You must deliver justice fast and furious to mass murderers instead of keeping them in custody longer than necessary and feeding them at public expense. Delay in delivering justice to these murderous monsters is an insult to the memories of their victims and the sensibilities of their grieving families.
In August in 2015, the government of neighbouring Chad Republic executed 10 Boko Haram terrorists for their roles in suicide attacks on the country. Their trial lasted only three days. In Nigeria, instead of paying for their crimes against humanity, 400 hundred so-called “repentant” Boko Haram terrorists were controversially set free by the government, thereby spitting on the graves of their victims, including the military personnel who were brutally killed by the militants.
Shouldn’t Nigeria borrow a leaf from Chad? Delay in delivering justice speedily to mass murderers could only make them bolder and crueller. As long as murderers are not made to feel the pains of death fast enough, they won’t be deterred from committing more crimes. The sanctity of life shouldn’t be compromised by making the murderers feel that they can mock at justice.
Many murderers are terrified by the thoughts of being taken before the firing squad. I have seen many documentaries of convicted murderers shaking nervously and sweating like pigs as they were led to the gallows, the electric chair or the firing squad. Given a choice between life imprisonment and the gas chamber or the bullet, the murderer will readily go for the former. They know the pains of death, let them feel it too like their victims.
If we want to make murderers pay for their crimes speedily, sluggishness in the dispensation of justice cannot help us achieve the purpose of deterrence, which punishment seeks to create.

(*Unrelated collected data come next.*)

text \<open>The bound solves M (j + 1) = d * M j + ln (3 * A), with M 0 = ln (3 * A).\<close>

lemma iterate_log_bound:
  fixes P :: "'k \<Rightarrow> 'k \<Rightarrow> 'k" and u :: "nat \<Rightarrow> 'k \<Rightarrow> 'k" and d :: nat and C A r0 :: real
  assumes alg: "alg_closed TYPE('k)" and d: "d \<ge> 2"
    and C_bound: "\<And>t z. 0 < av t \<Longrightarrow> av t \<le> 1/2 \<Longrightarrow>
        ln (max 1 (av (P t z))) / real d - ln (max 1 (av z)) \<le> C * ln (1 / av t)"
    and u_an: "\<And>m. analytic_D av (u m)"
    and u_Suc: "\<And>m t. 0 < av t \<Longrightarrow> av t < 1 \<Longrightarrow> u (Suc m) t = P t (u m t)"
    and contact: "\<And>n. \<exists>q h. analytic_D av h \<and> (\<forall>t. av t < 1 \<longrightarrow> av (poly q t) \<le> A - 2) \<and>
        (\<forall>t. 0 < av t \<and> av t < 1 \<longrightarrow> u n t - poly q t = t ^ l * h t)"
    and l: "C * real d \<le> real l" and A: "2 \<le> A" and r0: "0 < r0" "r0 \<le> 1/2"
    and base: "\<And>t. av t < r0 \<Longrightarrow> ln (max 1 (av (u n0 t))) \<le> ln (3 * A)"
  shows "av t < r0 ^ 2 ^ j \<Longrightarrow>
    ln (max 1 (av (u (n0 + j) t))) \<le> ln (3 * A) * (real d ^ Suc j - 1) / (real d - 1)"
proof (induction j arbitrary: t)
  case 0
  then show ?case using base d by simp
next
  case (Suc j)
  define B where "B = ln (3 * A) * (real d ^ Suc j - 1) / (real d - 1)"
  define \<rho> where "\<rho> = r0 ^ 2 ^ j"
  have "1 \<le> real d ^ Suc j" using d by (intro one_le_power) simp
  then have B: "B \<ge> 0" unfolding B_def using A d by (intro divide_nonneg_pos mult_nonneg_nonneg) auto
  have \<rho>: "0 < \<rho>" "\<rho> \<le> 1/2"
    using r0 power_decreasing[of 1 "2 ^ j" r0] unfolding \<rho>_def by auto
  obtain q h where h: "analytic_D av h" and q: "\<And>t. av t < 1 \<Longrightarrow> av (poly q t) \<le> A - 2"
    and qh: "\<And>t. 0 < av t \<Longrightarrow> av t < 1 \<Longrightarrow> u (Suc (n0 + j)) t - poly q t = t ^ l * h t"
    using contact[of "Suc (n0 + j)"] by blast
  have growth: "av (u (Suc (n0 + j)) w) \<le> exp (real d * B) * av w powr (- (C * real d))"
    if w: "0 < av w" "av w < \<rho>" for w
  proof (rule le_exp_powr_of_ln_max_growth)
    show "ln (max 1 (av (u (Suc (n0 + j)) w))) / real d - ln (max 1 (av (u (n0 + j) w)))
        \<le> C * ln (1 / av w)"
      using C_bound[of w "u (n0 + j) w"] u_Suc[of w "n0 + j"] w \<rho> by simp
    show "ln (max 1 (av (u (n0 + j) w))) \<le> B"
      using Suc.IH[of w] w unfolding B_def \<rho>_def by simp
  qed (use d w in simp_all)
  have t: "av t < \<rho> ^ 2"
    using Suc.prems unfolding \<rho>_def by (simp add: power_mult[symmetric] mult.commute)
  have X: "1 \<le> exp (real d * B)" using B by simp
  have "av (u (n0 + Suc j) t) \<le> 2 * (A - 2) + exp (real d * B)"
    using analytic_D_bound_of_contact[OF alg u_an h qh q growth l _ _ _ t] \<rho> X d by simp
  also have "\<dots> \<le> 3 * A * exp (real d * B)"
    using mult_left_mono[OF X, of "3 * A - 1"] A by (simp add: algebra_simps)
  finally have "max 1 (av (u (n0 + Suc j) t)) \<le> 3 * A * exp (real d * B)"
    using mult_mono[OF _ X, of 1 "3 * A"] A by simp
  then have "ln (max 1 (av (u (n0 + Suc j) t))) \<le> ln (3 * A * exp (real d * B))"
    by simp
  also have "\<dots> = ln (3 * A) + real d * B"
    using A by (simp add: ln_mult)
  also have "\<dots> = ln (3 * A) * (real d ^ Suc (Suc j) - 1) / (real d - 1)"
    unfolding B_def using d by (simp add: field_simps)
  finally show ?case .
qed

end

theorem lemma4p1:
  fixes av :: "'k::field \<Rightarrow> real"
    and d :: nat and alpha :: "nat \<Rightarrow> 'k \<Rightarrow> 'k" and P :: "'k \<Rightarrow> 'k \<Rightarrow> 'k"
    and C :: real and a :: "'k \<Rightarrow> 'k" and u :: "nat \<Rightarrow> 'k \<Rightarrow> 'k"
    and g :: "nat \<Rightarrow> 'k \<Rightarrow> real"
    and l :: nat and N :: nat and Q :: "nat \<Rightarrow> 'k poly" and A :: real
    and n0 :: nat and r0 :: real and r :: "nat \<Rightarrow> real" and C1 :: real
  assumes av: "is_abs_val av" and compl: "av_complete av" and alg: "alg_closed TYPE('k)"
    and d: "d \<ge> 2"
    and P_def: "\<And>t z. P t z = (\<Sum>i\<le>d. alpha i t * z ^ (d - i))"
    and alpha_mero: "\<And>i. i \<le> d \<Longrightarrow> mero_D av (alpha i)"
    and alpha0: "\<And>t. 0 < av t \<Longrightarrow> av t < 1 \<Longrightarrow> alpha 0 t \<noteq> 0"
    and C_pos: "C > 0"
    and C_bound: "\<And>t z. 0 < av t \<Longrightarrow> av t \<le> 1/2 \<Longrightarrow>
        \<bar>ln (max 1 (av (P t z))) / real d - ln (max 1 (av z))\<bar> \<le> C * ln (1 / av t)"
    and a_mero: "mero_D av a"
    and u_an: "\<And>m. analytic_D av (u m)"
    and u_def: "\<And>m t. 0 < av t \<Longrightarrow> av t < 1 \<Longrightarrow> u m t = (P t ^^ m) (a t)"
    and g_def: "\<And>m t. g m t = ln (max 1 (av (u m t))) / real d ^ m"
    and l: "real l \<ge> C * real d"
    and Q: "\<And>n. \<exists>i\<in>{1..N}. \<exists>h. analytic_D av h \<and>
              (\<forall>t. 0 < av t \<and> av t < 1 \<longrightarrow> u n t - poly (Q i) t = t ^ l * h t)"
    and A_def: "A = Max ((\<lambda>j. (SUP t\<in>{t. av t < 1}. av (poly (Q j) t)) + 2) ` {1..N})"
    and n0: "n0 \<ge> 1"
    and r0: "0 < r0" "r0 \<le> 1/2"
    and u_n0: "\<And>t. av t < r0 \<Longrightarrow> av (u n0 t) \<le> ln A"
    and r_def: "\<And>j. r j = r0 ^ (2 ^ j)"
    and C1_def: "C1 = real d / (real d - 1) * ln (3 * A)"
  shows "\<forall>j. \<forall>t. av t < r j \<longrightarrow> g (n0 + j) t \<le> C1 / real d ^ n0"
proof -
  interpret abs_value av by (rule abs_value.intro) (rule av)
  have QA: "av (poly (Q i) t) \<le> A - 2" if "i \<in> {1..N}" "av t < 1" for i t
    using av_poly_le_Max_SUP_disc[where Q = Q, OF finite_atLeastAtMost that] unfolding A_def by simp
  have "1 \<le> N" using Q[of 0] by auto
  then have A: "2 \<le> A" using order_trans[OF av_nonneg QA[of 1 0]] by simp
  have log_bound: "ln (max 1 (av (u (n0 + j) t))) \<le> ln (3 * A) * (real d ^ Suc j - 1) / (real d - 1)"
    if "av t < r j" for j t
  proof (rule iterate_log_bound[OF alg d _ u_an _ _ l A r0 _ that[unfolded r_def]])
    show "ln (max 1 (av (P t z))) / real d - ln (max 1 (av z)) \<le> C * ln (1 / av t)"
      if "0 < av t" "av t \<le> 1/2" for t z using C_bound[OF that, of z] by linarith
    show "u (Suc m) t = P t (u m t)" if "0 < av t" "av t < 1" for m t
      using u_def[OF that] by simp
    show "\<exists>q h. analytic_D av h \<and> (\<forall>t. av t < 1 \<longrightarrow> av (poly q t) \<le> A - 2) \<and>
        (\<forall>t. 0 < av t \<and> av t < 1 \<longrightarrow> u n t - poly q t = t ^ l * h t)" for n
      using Q[of n] QA by blast
    show "ln (max 1 (av (u n0 t))) \<le> ln (3 * A)" if "av t < r0" for t
      using u_n0[OF that] A ln_le_minus_one[of A] by simp
  qed
  show ?thesis
  proof (intro allI impI)
    fix j t
    assume "av t < r j"
    have "g (n0 + j) t \<le> ln (3 * A) * (real d ^ Suc j - 1) / (real d - 1) / real d ^ (n0 + j)"
      unfolding g_def using log_bound[OF \<open>av t < r j\<close>] d by (intro divide_right_mono) auto
    also have "\<dots> \<le> ln (3 * A) * real d ^ Suc j / (real d - 1) / real d ^ (n0 + j)"
      using A d by (intro divide_right_mono mult_left_mono) auto
    also have "\<dots> = C1 / real d ^ n0"
      unfolding C1_def using d by (simp add: field_simps power_add)
    finally show "g (n0 + j) t \<le> C1 / real d ^ n0" .
  qed
qed

end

How can a corruption trial last for 11 years? How can a terrorism trial drag on more than 10 hears? How can the trial of kidnappers fail to make progress for more than one year? How can the Bill on the Special Corruption Courts be dragging before the National Assembly since 2016 without action from the lawmakers? How can we achieve the desired results when we have the dubious distinction of being notoriously sluggish in our affairs?